Bayesian inference of the number of factors in gene-expression analysis: application to human virus challenge studies.

BACKGROUND: Nonparametric Bayesian techniques have been developed recently to extend the sophistication of factor models, allowing one to infer the number of appropriate factors from the observed data. We consider such techniques for sparse factor analysis, with application to gene-expression data from three virus challenge studies. Particular attention is placed on employing the Beta Process (BP), the Indian Buffet Process (IBP), and related sparseness-promoting techniques to infer a proper number of factors.

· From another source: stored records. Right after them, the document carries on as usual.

lemma hom_in_decomp_gens: "\<phi> \<in> set ps \<Longrightarrow> I \<subseteq> S \<Longrightarrow> \<phi> {I} \<in> decomp_gens J S fs ps"
  unfolding decomp_gens_def by blast

lemma decomp_gens_cases:
  assumes "x \<in> decomp_gens J S fs ps"
  obtains (free) f n where "f \<in> set fs" "n < 4" "x = lam_act J n f"
    | (hom) \<phi> I where "\<phi> \<in> set ps" "I \<subseteq> S" "x = \<phi> {I}"
  using assms unfolding decomp_gens_def by blast

lemma is_decomposition_in_M: "is_decomposition J S fs ps \<Longrightarrow> f \<in> set fs \<Longrightarrow> in_M J f"
  by (simp add: is_decomposition_def)

lemma is_decomposition_is_hom: "is_decomposition J S fs ps \<Longrightarrow> \<phi> \<in> set ps \<Longrightarrow> is_hom S J \<phi>"
  by (simp add: is_decomposition_def)

lemma is_decomposition_singleton:
  "is_decomposition J S fs ps \<Longrightarrow> I \<subseteq> J \<Longrightarrow> {I} \<in> vspan (decomp_gens J S fs ps)"
  by (simp add: is_decomposition_def)

lemma in_M_decomp_gens:
  "is_decomposition J S fs ps \<Longrightarrow> decomp_gens J S fs ps \<subseteq> Collect (in_M J)"
  unfolding is_decomposition_def decomp_gens_def using in_M_lam_act is_hom_in_M
  by (fastforce simp: in_M_def)

definition tensor_fs :: "nat \<Rightarrow> vec list \<Rightarrow> (vec \<Rightarrow> vec) list \<Rightarrow> vec list \<Rightarrow> vec list" where
  "tensor_fs c fs ps fs0 = fs @ map (times_t c) fs @ concat (map (\<lambda>\<phi>. map (tensor_id c \<phi>) fs0) ps)"

definition tensor_ps ::
    "nat \<Rightarrow> (vec \<Rightarrow> vec) list \<Rightarrow> (vec \<Rightarrow> vec) list \<Rightarrow> (vec \<Rightarrow> vec) list" where
  "tensor_ps c ps ps0 = concat (map (\<lambda>\<phi>. map (\<lambda>\<rho>. tensor_id c \<phi> \<circ> \<rho>) ps0) ps)"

The posterior density function on the model parameters is computed using Gibbs sampling and variational Bayesian (VB) analysis. RESULTS: Time-evolving gene-expression data are considered for respiratory syncytial virus (RSV), Rhino virus, and influenza, using blood samples from healthy human subjects. These data were acquired in three challenge studies, each executed after receiving institutional review board (IRB) approval from Duke University. Comparisons are made between several alternative means of per-forming nonparametric factor analysis on these data, with comparisons as well to sparse-PCA and Penalized Matrix Decomposition (PMD), closely related non-Bayesian approaches. CONCLUSIONS: Applying the Beta Process to the factor scores, or to the singular values of a pseudo-SVD construction, the proposed algorithms infer the number of factors in gene-expression data. For real data the "true" number of factors is unknown; in our simulations we consider a range of noise variances, and the proposed Bayesian models inferred the number of factors accurately relative to other methods in the literature, such as sparse-PCA and PMD. We have also identified a "pan-viral" factor of importance for each of the three viruses considered in this study. We have identified a set of genes associated with this pan-viral factor, of interest for early detection of such viruses based upon the host response, as quantified via gene-expression data.